• **Records for the exercise**
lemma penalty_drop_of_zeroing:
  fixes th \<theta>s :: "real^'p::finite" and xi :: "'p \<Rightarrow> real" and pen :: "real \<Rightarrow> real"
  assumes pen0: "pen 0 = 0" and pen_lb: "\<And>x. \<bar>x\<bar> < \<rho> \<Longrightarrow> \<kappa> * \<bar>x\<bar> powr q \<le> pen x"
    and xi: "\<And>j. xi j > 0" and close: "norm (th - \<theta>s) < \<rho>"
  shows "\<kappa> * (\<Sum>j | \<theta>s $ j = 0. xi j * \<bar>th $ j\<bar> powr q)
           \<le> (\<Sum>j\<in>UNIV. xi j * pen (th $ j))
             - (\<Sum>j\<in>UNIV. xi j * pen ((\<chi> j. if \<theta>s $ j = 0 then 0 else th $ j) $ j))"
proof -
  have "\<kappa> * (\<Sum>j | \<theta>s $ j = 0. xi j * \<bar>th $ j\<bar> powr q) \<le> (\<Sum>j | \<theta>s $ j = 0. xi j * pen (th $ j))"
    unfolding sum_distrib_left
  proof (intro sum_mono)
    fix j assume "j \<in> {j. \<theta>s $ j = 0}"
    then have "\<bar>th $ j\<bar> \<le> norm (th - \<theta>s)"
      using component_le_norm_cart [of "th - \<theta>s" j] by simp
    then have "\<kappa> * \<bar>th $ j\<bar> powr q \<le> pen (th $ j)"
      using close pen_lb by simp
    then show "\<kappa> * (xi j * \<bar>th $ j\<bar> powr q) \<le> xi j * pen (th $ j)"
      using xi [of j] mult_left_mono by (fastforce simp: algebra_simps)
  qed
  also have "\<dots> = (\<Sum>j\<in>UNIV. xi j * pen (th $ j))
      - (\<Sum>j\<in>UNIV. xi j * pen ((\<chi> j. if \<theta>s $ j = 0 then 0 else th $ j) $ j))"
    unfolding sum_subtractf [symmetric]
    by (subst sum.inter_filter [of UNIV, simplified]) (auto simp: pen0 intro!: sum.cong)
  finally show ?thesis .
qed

• **About this exercise**
The records above are to be transcribed exactly and completely.

• **Answer box**
lemma penalty_drop_of_zeroing:
  fixes th \<theta>s :: "real^'p::finite" and xi :: "'p \<Rightarrow> real" and pen :: "real \<Rightarrow> real"
  assumes pen0: "pen 0 = 0" and pen_lb: "\<And>x. \<bar>x\<bar> < \<rho> \<Longrightarrow> \<kappa> * \<bar>x\<bar> powr q \<le> pen x"
    and xi: "\<And>j. xi j > 0" and close: "norm (th - \<theta>s) < \<rho>"
  shows "\<kappa> * (\<Sum>j | \<theta>s $ j = 0. xi j * \<bar>th $ j\<bar> powr q)
           \<le> (\<Sum>j\<in>UNIV. xi j * pen (th $ j))
             - (\<Sum>j\<in>UNIV. xi j * pen ((\<chi> j. if \<theta>s $ j = 0 then 0 else th $ j) $ j))"
proof -
  have "\<kappa> * (\<Sum>j | \<theta>s $ j = 0. xi j * \<bar>th $ j\<bar> powr q) \<le> (\<Sum>j | \<theta>s $ j = 0. xi j * pen (th $ j))"
    unfolding sum_distrib_left
  proof (intro sum_mono)
    fix j assume "j \<in> {j. \<theta>s $ j = 0}"
    then have "\<bar>th $ j\<bar> \<le> norm (th - \<theta>s)"
      using component_le_norm_cart [of "th - \<theta>s" j] by simp
    then have "\<kappa> * \<bar>th $ j\<bar> powr q \<le> pen (th $ j)"
      using close pen_lb by simp
    then show "\<kappa> * (xi j * \<bar>th $ j\<bar> powr q) \<le> xi j * pen (th $ j)"
      using xi [of j] mult_left_mono by (fastforce simp: algebra_simps)
  qed
  also have "\<dots> = (\<Sum>j\<in>UNIV. xi j * pen (th $ j))
      - (\<Sum>j\<in>UNIV. xi j * pen ((\<chi> j. if \<theta>s $ j = 0 then 0 else th $ j) $ j))"
    unfolding sum_subtractf [symmetric]
    by (subst sum.inter_filter [of UNIV, simplified]) (auto simp: pen0 intro!: sum.cong)
  finally show ?thesis .
qed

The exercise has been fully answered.